# Newegg introduces Bitcoin support



## D. Strout (Jul 1, 2014)

As geeks, I know many of us here use Newegg for our tech purchases. That's why I'm sure a lot of you will be happy to hear that they now accept Bitcoin payments. That is all.


----------



## drmike (Jul 1, 2014)

Glad to see more BitCoin and alterna-currency support by more traditional, large companies.


----------



## drmike (Jul 1, 2014)

I am waiting for Ebay/Paypal to join on the BitCoin movement.   When that happens, some serious momentum will happen.


----------



## Cloudrck (Jul 1, 2014)

It's about time, I got tired of paying high taxes at TigerDirect for large items.


----------



## MannDude (Jul 1, 2014)

Nice!

I bought a pair of pants from Overstock.com with BitCoin, returned them and was refunded via BitCoin, then bought a drying rack for wet laundry from them.... with BitCoin!

Pretty rad.


----------



## Aldryic C'boas (Jul 1, 2014)

...one-day pants?  You monster.


----------



## texteditor (Jul 1, 2014)

Newegg accepts Bitcoin* via Bitpay

*Bitcoin, of course, meaning cash from Bitpay


----------



## texteditor (Jul 1, 2014)

MannDude said:


> Nice!
> 
> I bought a pair of pants from Overstock.com with BitCoin, returned them and was refunded via BitCoin, then bought a drying rack for wet laundry from them.... with BitCoin!
> 
> Pretty rad.


Overstock posted some statistics about their Bitcoin sales a while back

The most frequent item purchased by bitcoiners?

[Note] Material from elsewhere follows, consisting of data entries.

lemma tent_has_integral: "(tent has_integral 1) UNIV"
proof -
  have "((\<lambda>x::real. 1 + x) has_integral ((\<lambda>x::real. x + x\<^sup>2/2) 0 - (\<lambda>x. x + x\<^sup>2/2) (-1))) {-1..0}"
    by (rule fundamental_theorem_of_calculus)
       (auto simp: has_real_derivative_iff_has_vector_derivative[symmetric] intro!: derivative_eq_intros)
  then have "((\<lambda>x::real. 1 + x) has_integral 1/2) {-1..0}"
    by simp
  then have left: "(tent has_integral 1/2) {-1..0}"
    by (rule has_integral_eq[rotated, where f="\<lambda>x. 1 + x"]) (auto simp: tent_def)
  have "((\<lambda>x::real. 1 - x) has_integral ((\<lambda>x::real. x - x\<^sup>2/2) 1 - (\<lambda>x. x - x\<^sup>2/2) 0)) {0..1}"
    by (rule fundamental_theorem_of_calculus)
       (auto simp: has_real_derivative_iff_has_vector_derivative[symmetric] intro!: derivative_eq_intros)
  then have "((\<lambda>x::real. 1 - x) has_integral 1/2) {0..1}"
    by simp
  then have right: "(tent has_integral 1/2) {0..1}"
    by (rule has_integral_eq[rotated, where f="\<lambda>x. 1 - x"]) (auto simp: tent_def)
  have "(tent has_integral 1) {-1..1}"
    using has_integral_combine[OF _ _ left right] by simp
  then show ?thesis
    by (rule has_integral_on_superset) (auto simp: tent_def)
qed

lemma integrable_tent: "integrable lborel tent"
  using nn_integral_has_integral_lborel[OF borel_measurable_tent tent_nonneg tent_has_integral]
  by (intro integrableI_nonneg) (auto simp: tent_nonneg)

definition tent_distr :: "real measure" where
  "tent_distr = density lborel tent"

lemma emeasure_tent_distr:
  "A \<in> sets borel \<Longrightarrow> emeasure tent_distr A = (\<integral>\<^sup>+x. ennreal (tent x) * indicator A x \<partial>lborel)"
  unfolding tent_distr_def by (subst emeasure_density) auto

lemma real_distribution_tent_distr: "real_distribution tent_distr"
proof -
  have "emeasure tent_distr UNIV = 1"
    using nn_integral_has_integral_lborel[OF borel_measurable_tent tent_nonneg tent_has_integral]
    by (simp add: emeasure_tent_distr)
  then show ?thesis
    unfolding real_distribution_def real_distribution_axioms_def
    by (auto intro!: prob_spaceI simp: tent_distr_def)
qed

lemma measure_tent_distr_singleton: "measure tent_distr {a} = 0"
proof -
  have "emeasure tent_distr {a} \<le> (\<integral>\<^sup>+x. indicator {a} x \<partial>lborel)"
    using tent_le_1 by (simp add: emeasure_tent_distr nn_integral_mono indicator_def)
  then show ?thesis
    by (simp add: measure_def)
qed

lemma measure_tent_distr_outside:
  assumes "1 \<le> a \<or> b \<le> -1"
  shows "measure tent_distr {a<..b} = 0"
proof -
  have "tent x = 0" if "x \<in> {a<..b}" for x
    using assms that by (intro tent_eq_0) auto
  then have "(\<lambda>x. ennreal (tent x) * indicator {a<..b} x) = (\<lambda>x. 0)"
    by (auto simp: fun_eq_iff indicator_def)
  then show ?thesis
    by (simp add: emeasure_tent_distr measure_def)
qed

lemma has_integral_linear_times_iexp:
  fixes t a b s :: real
  assumes t: "t \<noteq> 0" and ab: "a \<le> b"
  defines "G \<equiv> (\<lambda>w::complex. exp (\<i> * of_real t * w) * ((of_real s + w) / (\<i> * of_real t) + 1 / (of_real t)\<^sup>2))"
  shows "((\<lambda>x. of_real (s + x) * iexp (t * x)) has_integral (G (of_real b) - G (of_real a))) {a..b}"
proof -
  have "(G has_field_derivative
          \<i> * of_real t * exp (\<i> * of_real t * w) * ((of_real s + w) / (\<i> * of_real t) + 1 / (of_real t)\<^sup>2)
          + exp (\<i> * of_real t * w) * (1 / (\<i> * of_real t))) (at w)" for w
    unfolding G_def using t by (auto intro!: derivative_eq_intros)
  moreover have "\<i> * of_real t * exp (\<i> * of_real t * w) * ((of_real s + w) / (\<i> * of_real t) + 1 / (of_real t)\<^sup>2)
          + exp (\<i> * of_real t * w) * (1 / (\<i> * of_real t)) = (of_real s + w) * exp (\<i> * of_real t * w)" for w
    using t by (auto simp: field_simps power2_eq_square)
  ultimately have "((\<lambda>x. G (of_real x)) has_vector_derivative
      (of_real s + of_real x) * exp (\<i> * of_real t * of_real x)) (at x within {a..b})" for x
    by (intro has_vector_derivative_real_field) simp
  then have "((\<lambda>x. (of_real s + of_real x) * exp (\<i> * of_real t * of_real x)) has_integral
      (G (of_real b) - G (of_real a))) {a..b}"
    by (intro fundamental_theorem_of_calculus[OF ab]) auto
  then show ?thesis
    by (simp add: mult.assoc)
qed

lemma tent_iexp_has_integral:
  assumes t: "t \<noteq> 0"
  shows "((\<lambda>x. tent x *\<^sub>R iexp (t * x)) has_integral fejer (of_real t)) UNIV"
proof -
  define G where "G s w = exp (\<i> * of_real t * w) * ((of_real s + w) / (\<i> * of_real t) + 1 / (of_real t)\<^sup>2)"
    for s :: real and w :: complex
  have "((\<lambda>x. of_real (1 + x) * iexp (t * x)) has_integral (G 1 0 - G 1 (-1))) {-1..0}"
    using has_integral_linear_times_iexp[OF t, of "-1" 0 1] by (simp add: G_def)
  then have left: "((\<lambda>x. tent x *\<^sub>R iexp (t * x)) has_integral (G 1 0 - G 1 (-1))) {-1..0}"
    by (rule has_integral_eq[rotated]) (auto simp: tent_def scaleR_conv_of_real)
  have "((\<lambda>x. of_real (-1 + x) * iexp (t * x)) has_integral (G (-1) 1 - G (-1) 0)) {0..1}"
    using has_integral_linear_times_iexp[OF t, of 0 1 "-1"] by (simp add: G_def)
  from has_integral_neg[OF this]
  have right: "((\<lambda>x. tent x *\<^sub>R iexp (t * x)) has_integral - (G (-1) 1 - G (-1) 0)) {0..1}"
    by (rule has_integral_eq[rotated]) (auto simp: tent_def scaleR_conv_of_real algebra_simps)
  have "(G 1 0 - G 1 (-1)) + - (G (-1) 1 - G (-1) 0)
      = (2 - (exp (\<i> * of_real t) + exp (-(\<i> * of_real t)))) / (of_real t)\<^sup>2"
    unfolding G_def using t by (simp add: field_simps power2_eq_square)
  also have "exp (\<i> * of_real t) + exp (-(\<i> * of_real t)) = 2 * cos (of_real t :: complex)"
    by (simp add: cos_exp_eq)
  also have "(2 - 2 * cos (of_real t)) / (of_real t)\<^sup>2 = fejer (of_real t)"
    using t by (simp add: fejer_of_real cos_of_real)
  finally have "((\<lambda>x. tent x *\<^sub>R iexp (t * x)) has_integral fejer (of_real t)) {-1..1}"
    using has_integral_combine[OF _ _ left right] by simp
  then show ?thesis
    by (rule has_integral_on_superset) (auto simp: tent_def)
qed

lemma char_tent_distr: "char tent_distr t = fejer (of_real t)"
proof (cases "t = 0")
  case True
  then show ?thesis
    using real_distribution.char_zero[OF real_distribution_tent_distr] by simp
next
  case False
  have int: "integrable lborel (\<lambda>x. tent x *\<^sub>R iexp (t * x))"
    by (rule Bochner_Integration.integrable_bound[OF integrable_tent])
       (auto simp: norm_mult tent_nonneg)
  have "char tent_distr t = (\<integral>x. tent x *\<^sub>R iexp (t * x) \<partial>lborel)"
    unfolding char_def tent_distr_def by (subst integral_density) (auto simp: tent_nonneg)
  also have "\<dots> = fejer (of_real t)"
    using integral_lborel[OF int] integral_unique[OF tent_iexp_has_integral[OF False]] by simp
  finally show ?thesis .
qed

lemma continuous_on_fejer_of_real: "continuous_on UNIV (\<lambda>t. fejer (of_real t))"
  using holomorphic_on_imp_continuous_on[OF holomorphic_fejer]
  by (rule continuous_on_compose2) (auto intro!: continuous_intros)

lemma norm_fejer_of_real_le: "norm (fejer (of_real t)) \<le> 8 / (1 + t\<^sup>2)"
proof (cases "t = 0")
  case False
  then have t2: "0 < t\<^sup>2" by simp
  have "cos t = 1 - 2 * sin (t/2) ^ 2"
    using cos_double_sin[of "t/2"] by simp
  moreover have "sin (t/2) ^ 2 \<le> (t/2)\<^sup>2"
    using abs_sin_x_le_abs_x[of "t/2"] by (metis abs_ge_zero power2_abs power_mono)
  ultimately have "2 * (1 - cos t) / t\<^sup>2 \<le> 1"
    using t2 by (simp add: field_simps power_divide)
  moreover have "2 * (1 - cos t) / t\<^sup>2 \<le> 4 / t\<^sup>2"
    by (intro divide_right_mono) (use cos_ge_minus_one[of t] in argo, simp)
  moreover have "min 1 (4 / s) \<le> 8 / (1 + s)" if "0 < s" for s :: real
    using that by (cases "s \<le> 1") (auto simp: field_simps min_def)
  note this[OF t2]
  ultimately have "2 * (1 - cos t) / t\<^sup>2 \<le> 8 / (1 + t\<^sup>2)"
    by linarith
  moreover have "0 \<le> 2 * (1 - cos t) / t\<^sup>2"
    using cos_le_one[of t] by simp
  ultimately have "norm (of_real (2 * (1 - cos t) / t\<^sup>2) :: complex) \<le> 8 / (1 + t\<^sup>2)"
    by (simp only: norm_of_real abs_of_nonneg)
  then show ?thesis
    by (simp only: fejer_of_real[OF False])
qed simp

lemma integrable_fejer_of_real: "integrable lborel (\<lambda>t. fejer (of_real t))"
proof (rule Bochner_Integration.integrable_bound)
  show "integrable lborel (\<lambda>t::real. 8 * inverse (1 + t\<^sup>2))"
    using integrable_inverse_1_plus_square unfolding set_integrable_def einterval_eq_UNIV by simp
  show "(\<lambda>t. fejer (of_real t)) \<in> borel_measurable lborel"
    using continuous_on_fejer_of_real borel_measurable_continuous_onI by simp
qed (use norm_fejer_of_real_le in \<open>simp add: divide_inverse\<close>)

section \<open>Fourier transforms of integrable characteristic functions\<close>

lemma integrable_iexp_mult:
  fixes f :: "real \<Rightarrow> complex"
  assumes f: "integrable lborel f"
  shows "integrable lborel (\<lambda>t. iexp (-(t * v)) * f t)"
proof (rule Bochner_Integration.integrable_bound[OF f])
  have "(\<lambda>t. iexp (-(t * v))) \<in> borel_measurable borel"
    by (intro borel_measurable_continuous_onI continuous_intros)
  then show "(\<lambda>t. iexp (-(t * v)) * f t) \<in> borel_measurable lborel"
    using f by (intro borel_measurable_times) auto
qed (simp add: norm_mult norm_exp_i_times)

lemma symmetric_interval_integral_tendsto:
  fixes f :: "real \<Rightarrow> complex"
  assumes f: "integrable lborel f"
  shows "(\<lambda>T::nat. CLBINT t=ereal (real_of_int (- int T))..ereal (real T). f t) \<longlonglongrightarrow> (\<integral>t. f t \<partial>lborel)"
proof -
  have "(CLBINT t=ereal (real_of_int (- int T))..ereal (real T). f t)
      = (\<integral>t. indicator {- real T..real T} t *\<^sub>R f t \<partial>lborel)" for T :: nat
    by (subst interval_integral_Icc) (auto simp: set_lebesgue_integral_def)
  moreover have "(\<lambda>T::nat. \<integral>t. indicator {- real T..real T} t *\<^sub>R f t \<partial>lborel) \<longlonglongrightarrow> (\<integral>t. f t \<partial>lborel)"
  proof (rule integral_dominated_convergence[where w="\<lambda>t. norm (f t)"])
    show "AE x in lborel. (\<lambda>T. indicator {- real T..real T} x *\<^sub>R f x) \<longlonglongrightarrow> f x"
    proof (rule AE_I2, rule tendsto_eventually)
      fix x :: real
      show "\<forall>\<^sub>F T in sequentially. indicator {- real T..real T} x *\<^sub>R f x = f x"
        unfolding eventually_sequentially
        by (rule exI[of _ "nat \<lceil>\<bar>x\<bar>\<rceil>"]) (auto simp: indicator_def)
    qed
  qed (use f in \<open>auto simp: indicator_def\<close>)
  ultimately show ?thesis
    by simp
qed

definition levy_kernel :: "real \<Rightarrow> real \<Rightarrow> real \<Rightarrow> complex" where
  "levy_kernel a b t = (iexp (-(t * a)) - iexp (-(t * b))) / (\<i> * of_real t)"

Bed sheets


----------



## D. Strout (Jul 2, 2014)

CNET published an article about this, does a good job covering some of the implications of such a large retailer getting on board: http://www.cnet.com/news/bitcoin-gets-buy-in-from-newegg-the-tech-focused-retailer/


----------



## SkylarM (Jul 2, 2014)

Bitcoin as a payment processor is pretty cool, must admit. We just added bit-pay, seems like a good time with companies like newegg getting on board.


----------



## texteditor (Jul 2, 2014)

What is gonna happen when Bitpay runs out of VC money to give to businesses in exchange for people's coins? Nothing about their business model makes sense


----------



## dave (Jul 2, 2014)

I would guess that bitpay makes their money buying and selling the coins on the market, with the usual spread.


----------



## D. Strout (Jul 16, 2014)

Quick update: Newegg is offering 10% off up to $100 (in other words, max $10 off) if you pay with bitcoin and use promo code BITCOIN.


----------



## shovenose (Jul 18, 2014)

Amazon>Newegg any day.


----------



## definedcode (Jul 18, 2014)

The only problem (I've found) is that BitPay's withdrawal thresholds are very high, £1000 before you can get a payout in GBP. That's hard for a starting-out host but easy for a company like Newegg.


----------